━━━ Extracted entries ━━━
(* Let $x$ and $y$ be two infinite words over a finite alphabet $A$. Suppose there are symbols $c,c',d\in A$ and an increasing sequence of integers $(m_n)_{n\ge0}$ such that the limits $$\lim_{n\to\infty}\frac{|\{1\le i\le m_n: x[i]=c,\ y[i]=d\}|}{m_n}\quad\text{and}\quad \lim_{n\to\infty}\frac{|\{1\le i\le m_n: x[i]=c',\ y[i]=d\}|}{m_n}$$ exist and are different. Then $\rho(x/y)<1$.
   Context: $x[i]$ is the symbol at position $i$ (positions start at 1). A $k$-automaton $\langle Q,A,\delta,I\rangle$ has finite state set $Q$, transitions $\delta\subseteq Q\times(A\cup\{\varepsilon\})^k\times Q$, initial states $I$; an infinite run is accepting if it starts in $I$ and all label components are infinite. It is $2$-deterministic if $I$ is a singleton and, for two transitions from the same state with labels $(\alpha_i),(\alpha'_i)$, $\alpha_j=\varepsilon$ for some $j\le2$ implies $\alpha'_j=\varepsilon$, and $\alpha_1=\alpha'_1,\alpha_2=\alpha'_2$ implies $\alpha_3=\alpha'_3$ and equal targets. A compressor is a $2$-deterministic $3$-automaton $\mathcal C$ (input $x$, oracle $y$, output) such that for each fixed $y$ the map $x\mapsto\mathcal C(x,y)$ is injective. For the accepting run $q_0\xrightarrow{\alpha_1,\beta_1|w_1}q_1\cdots$ with $x=\alpha_1\alpha_2\cdots$, $y=\beta_1\beta_2\cdots$, $\rho_{\mathcal C}(x/y)=\liminf_n|w_1\cdots w_n|/|\alpha_1\cdots\alpha_n|$; $\rho(x/y)$ is the infimum over all compressors. *)

theory Defs
  imports "HOL-Analysis.Analysis" "HOL-Library.Infinite_Set"
begin
text \<open>The loop is the lift, through the branch of \<open>(rot v)\<^sup>1\<^sup>/\<^sup>m\<close> containing \<open>za\<close>, of a circle
  about \<open>r\<close> lying between the disc of \<open>non_escaping_in_disc\<close> and the origin.\<close>
lemma escaping_root_loop:
  assumes "\<beta> ^ m = rot" "za \<notin> E" "za = \<beta> * principal_root m ((za / \<beta>) ^ m)"
    and "zb \<notin> (\<lambda>v. \<beta> * principal_root m v) ` {v. 0 < Re v}"
  obtains \<gamma> where "valid_path \<gamma>" "pathfinish \<gamma> = pathstart \<gamma>" "\<And>t. \<gamma> t \<in> E"
    "winding_number \<gamma> za = 1" "winding_number \<gamma> zb = 0"
proof
  define s where "s = (1 - \<kappa>/4) * r"
  define va where "va = (za / \<beta>) ^ m"
  define \<gamma> where "\<gamma> = (\<lambda>v. \<beta> * principal_root m v) \<circ> circlepath (of_real r) s"
  have "0 < s" "s < r"
    unfolding s_def using \<kappa>_pos \<kappa>_less_1 r_pos by (simp_all add: algebra_simps)
  have "0 < \<kappa> * r"
    using \<kappa>_pos r_pos by simp
  then have "cmod (va - of_real r) < s"
    using non_escaping_in_disc[OF assms(2)] assms(1) by (simp add: va_def s_def power_divide algebra_simps)
  have right_halfplane: "0 < Re v" if "cmod (v - of_real r) \<le> s" for v
    using abs_Re_le_cmod[of "v - of_real r"] that \<open>s < r\<close> by simp
  have circle: "path_image (circlepath (of_real r) s) \<subseteq> {v. 0 < Re v} - {va}"
  proof
    fix v
    assume "v \<in> path_image (circlepath (of_real r) s)"
    then have "cmod (v - of_real r) = s"
      using \<open>0 < s\<close> by (simp add: dist_norm norm_minus_commute)
    then show "v \<in> {v. 0 < Re v} - {va}"
      using right_halfplane[of v] \<open>cmod (va - of_real r) < s\<close> by auto
  qed
  have "\<beta> \<noteq> 0"
    using assms(1) norm_rot two_le_m by (auto simp: power_0_left)
  show "valid_path \<gamma>"
    unfolding \<gamma>_def using circle right_halfplane_nonpos_Reals
    by (intro valid_path_compose_holomorphic[OF valid_path_circlepath _ open_halfspace_Re_gt]
        holomorphic_intros holomorphic_on_subset[OF holomorphic_on_principal_root]) auto
  show "pathfinish \<gamma> = pathstart \<gamma>"
    by (simp add: \<gamma>_def pathfinish_compose pathstart_compose)
  show "\<gamma> t \<in> E" for t
    using circle_escapes[OF assms(1)] by (simp add: \<gamma>_def s_def)
  have "winding_number \<gamma> za = winding_number (circlepath (of_real r) s) va"
    unfolding \<gamma>_def va_def using circle right_halfplane[of va] \<open>cmod (va - of_real r) < s\<close>
    by (subst assms(3), intro winding_number_principal_root_branch)
      (use two_le_m \<open>\<beta> \<noteq> 0\<close> in \<open>auto simp: va_def\<close>)
  also have "\<dots> = 1"
    using \<open>cmod (va - of_real r) < s\<close> by (intro winding_number_circlepath) (simp add: norm_minus_commute)
  finally show "winding_number \<gamma> za = 1" .
  show "winding_number \<gamma> zb = 0"
    unfolding \<gamma>_def using circle assms(4)
    by (intro winding_number_principal_root_branch_outside) auto
qed

theorem not_simply_connected: "\<not> simply_connected (Omega_hat f)"
proof
  assume simply_connected: "simply_connected (Omega_hat f)"
  obtain \<beta> za zb where \<beta>: "\<beta> ^ m = rot" and "za \<notin> E" "zb \<notin> E"
    and za_branch: "za = \<beta> * principal_root m ((za / \<beta>) ^ m)"
    and zb_off: "zb \<notin> (\<lambda>v. \<beta> * principal_root m v) ` {v. 0 < Re v}"
    by (rule branch_pair)
  obtain \<gamma> where "valid_path \<gamma>" "pathfinish \<gamma> = pathstart \<gamma>" and in_E: "\<And>t. \<gamma> t \<in> E"
    and "winding_number \<gamma> za = 1" "winding_number \<gamma> zb = 0"
    by (rule escaping_root_loop[OF \<beta> \<open>za \<notin> E\<close> za_branch zb_off]) blast
  moreover have "za \<notin> path_image \<gamma>" "zb \<notin> path_image \<gamma>"
    using in_E \<open>za \<notin> E\<close> \<open>zb \<notin> E\<close> by (auto simp: path_image_def)
  ultimately have "winding_number (\<lambda>t. (\<gamma> t - zb) / (\<gamma> t - za)) 0 = -1"
    by (simp add: winding_number_ratio)
  moreover have "winding_number (\<lambda>t. (\<gamma> t - zb) / (\<gamma> t - za)) 0 = 0"
    using simply_connected \<open>valid_path \<gamma>\<close> \<open>pathfinish \<gamma> = pathstart \<gamma>\<close> in_E \<open>za \<notin> E\<close> \<open>zb \<notin> E\<close>
    by (intro winding_number_ratio_escaping_loop) (auto intro: valid_path_imp_path)
  ultimately show False
    by simp
qed
end

lemma (in small_perturbation) escaping_if_simply_connected:
  assumes "simply_connected (Omega_hat f)" "T \<le> cmod z"
  shows "z \<in> E"
proof (rule ccontr)
  assume "z \<notin> E"
  interpret non_escaping_point m a \<delta> T \<kappa> z
    using assms(2) \<open>z \<notin> E\<close> by unfold_locales
  show False
    using not_simply_connected assms(1) by blast
qed

lemma small_perturbation_exists:
  assumes "2 \<le> m" "1 \<le> T" "2 < T ^ (m - 1)"
  obtains \<delta> \<kappa> where "0 < \<delta>" "\<And>a. delta_condition m \<delta> a \<Longrightarrow> small_perturbation m a \<delta> T \<kappa>"
proof -
  obtain \<kappa> \<eta> where "0 < \<kappa>" "\<kappa> < 1" "0 < \<eta>" "\<eta> \<le> \<kappa>\<^sup>2 / 8"
    and "2 \<le> (1 - \<kappa>) ^ m * T ^ (m - 1) * (1 - \<eta>)"
    using escape_constants[OF assms(3), of m] assms(1) by auto
  define \<delta> where "\<delta> = \<eta> / real (m - 1)"
  have "\<delta> * real (m - 1) = \<eta>"
    using assms(1) by (simp add: \<delta>_def)
  then have small: "\<delta> * real (m - 1) \<le> \<kappa>\<^sup>2 / 8"
    and large: "2 \<le> (1 - \<kappa>) ^ m * T ^ (m - 1) * (1 - \<delta> * real (m - 1))"
    using \<open>\<eta> \<le> \<kappa>\<^sup>2 / 8\<close> \<open>2 \<le> (1 - \<kappa>) ^ m * T ^ (m - 1) * (1 - \<eta>)\<close> by simp_all
  show ?thesis
  proof (rule that)
    show "0 < \<delta>"
      using \<open>0 < \<eta>\<close> assms(1) by (simp add: \<delta>_def)
    show "small_perturbation m a \<delta> T \<kappa>" if "delta_condition m \<delta> a" for a
      using assms(1,2) that \<open>0 < \<kappa>\<close> \<open>\<kappa> < 1\<close> small large by unfold_locales blast+
  qed
qed

theorem mainTheorem12:
  fixes m :: nat
  assumes "m \<ge> 3"
  shows "\<forall>\<epsilon>>0. \<exists>\<delta>>0. \<forall>a :: nat \<Rightarrow> complex.
           delta_condition m \<delta> a \<and> simply_connected (Omega_hat (monic_poly m a)) \<longrightarrow>
           {z. cmod z \<ge> 2 powr (1 / (real m - 1)) + \<epsilon>} \<subseteq> escaping_set (monic_poly m a)"
proof (intro allI impI)
  fix \<epsilon> :: real
  assume "\<epsilon> > 0"
  define T where "T = 2 powr (1 / (real m - 1)) + \<epsilon>"
  have "1 \<le> T"
    unfolding T_def using ge_one_powr_ge_zero[of 2 "1 / (real m - 1)"] assms \<open>\<epsilon> > 0\<close> by simp
  have "2 < T ^ (m - 1)"
    unfolding T_def using two_less_power_root_plus[of "m - 1" \<epsilon>] assms \<open>\<epsilon> > 0\<close> by (simp add: of_nat_diff)
  obtain \<delta> \<kappa> where "0 < \<delta>"
    and perturbation: "\<And>a. delta_condition m \<delta> a \<Longrightarrow> small_perturbation m a \<delta> T \<kappa>"
    using small_perturbation_exists[OF _ \<open>1 \<le> T\<close> \<open>2 < T ^ (m - 1)\<close>] assms by auto
  show "\<exists>\<delta>>0. \<forall>a :: nat \<Rightarrow> complex.
          delta_condition m \<delta> a \<and> simply_connected (Omega_hat (monic_poly m a)) \<longrightarrow>
          {z. cmod z \<ge> 2 powr (1 / (real m - 1)) + \<epsilon>} \<subseteq> escaping_set (monic_poly m a)"
    using \<open>0 < \<delta>\<close> small_perturbation.escaping_if_simply_connected[OF perturbation]
    by (auto simp: T_def)
qed

end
━━━
• Assigned task:
Across the entries above, how many lines contain the string "blast"? The number alone is the answer.

• Exercise solution:
3